A Precision Profile.TM. for Inflammatory Response includes one or
more genes, e.g., constituents, listed in Table 2, whose expression
is associated with inflammatory response and lupus. Each gene of
the Precision Profile.TM. for Lupus and Precision Profile.TM. for
Inflammatory Response is referred to herein as a lupus associated
gene or a lupus associated constituent.
[0088] It has been discovered that valuable and unexpected results
may be achieved when the quantitative measurement of constituents
is performed under repeatable conditions (within a degree of
repeatability of measurement of better than twenty percent,
preferably ten percent or better, more preferably five percent or
better, and more preferably three percent or better). For the
purposes of this description and the following claims, a degree of
repeatability of measurement of better than twenty percent may be
used as providing measurement conditions that are "substantially
repeatable". In particular, it is desirable that each time a
measurement is obtained corresponding to the level of expression of
a constituent in a particular sample, substantially the same
measurement should result for substantially the same level of
expression. In this manner, expression levels for a constituent in
a Gene Expression Panel (Precision Profile.TM.) may be meaningfully
compared from sample to sample. Even if the expression level
measurements for a particular constituent are inaccurate (for
example, say, 30% too low), the criterion of repeatability means
that all measurements for this constituent, if skewed, will
nevertheless be skewed systematically, and therefore measurements
of expression level of the constituent may be compared
meaningfully. In this fashion valuable information may be obtained
and compared concerning expression of the constituent under varied
circumstances.
[0089] In addition to the criterion of repeatability, it is
desirable that a second criterion also be satisfied, namely that
quantitative measurement of constituents is performed under
conditions wherein efficiencies of amplification for all
constituents are substantially similar as defined herein. When both
of these criteria are satisfied, then measurement of the expression
level of one constituent may be meaningfully compared with
measurement of the expression level of another constituent in a
given sample and from sample to sample.
[0090] The evaluation or characterization of lupus is defined to be
diagnosing lupus, assessing the presence or absence of lupus,
assessing the risk of developing lupus, or assessing the prognosis
of a subject with lupus. Similarly, the evaluation or
characterization of an agent for treatment of lupus includes
identifying agents suitable for the treatment of lupus. The agents
can be compounds known to treat lupus or compounds that have not
been shown to treat lupus.
[0091] Lupus and conditions related to lupus is evaluated by
determining the level of expression (e.g., a quantitative measure)
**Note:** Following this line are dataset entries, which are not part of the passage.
datatype color = Purple | Blue
datatype player = Dom | Sepy

type_synonym 'a coloring = "'a \<Rightarrow> color option"

definition cnbhd :: "('a \<Rightarrow> 'a \<Rightarrow> bool) \<Rightarrow> 'a set \<Rightarrow> 'a \<Rightarrow> 'a set" where
  "cnbhd E V v = {u \<in> V. u = v \<or> E v u}"

definition colored :: "'a set \<Rightarrow> 'a coloring \<Rightarrow> color \<Rightarrow> 'a set" where
  "colored V col c = {v \<in> V. col v = Some c}"

definition legal_step :: "('a \<Rightarrow> 'a \<Rightarrow> bool) \<Rightarrow> 'a set \<Rightarrow> 'a coloring \<Rightarrow> 'a \<Rightarrow> color \<Rightarrow> bool" where
  "legal_step E V col v c \<longleftrightarrow> v \<in> V \<and> col v = None \<and>
     (\<exists>u \<in> cnbhd E V v. cnbhd E V u \<inter> colored V col c = {})"

definition dominating :: "('a \<Rightarrow> 'a \<Rightarrow> bool) \<Rightarrow> 'a set \<Rightarrow> 'a set \<Rightarrow> bool" where
  "dominating E V D \<longleftrightarrow> D \<subseteq> V \<and> (\<forall>v \<in> V. cnbhd E V v \<inter> D \<noteq> {})"

definition sepy_wins_now :: "('a \<Rightarrow> 'a \<Rightarrow> bool) \<Rightarrow> 'a set \<Rightarrow> 'a coloring \<Rightarrow> bool" where
  "sepy_wins_now E V col \<longleftrightarrow>
     (\<exists>v \<in> V. cnbhd E V v \<subseteq> colored V col Purple \<or> cnbhd E V v \<subseteq> colored V col Blue)"

definition dom_wins_now :: "('a \<Rightarrow> 'a \<Rightarrow> bool) \<Rightarrow> 'a set \<Rightarrow> 'a coloring \<Rightarrow> bool" where
  "dom_wins_now E V col \<longleftrightarrow>
     dominating E V (colored V col Purple) \<and> dominating E V (colored V col Blue)"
of an effective number (e.g., one or more) of constituents of a
Gene Expression Panel (Precision Profile.TM.) disclosed herein
(i.e., Tables 1-2). By an effective number is meant the number of
constituents that need to be measured in order to discriminate
between a normal subject and a subject having lupus. Preferably the
constituents are selected as to discriminate between a normal
subject and a subject having lupus with at least 75% accuracy, more
preferably 80%, 85%, 90%, 95%, 97%, 98%, 99% or greater
accuracy.
[0092] The level of expression is determined by any means known in
the art, such as for example quantitative PCR. The measurement is
obtained under conditions that are substantially repeatable.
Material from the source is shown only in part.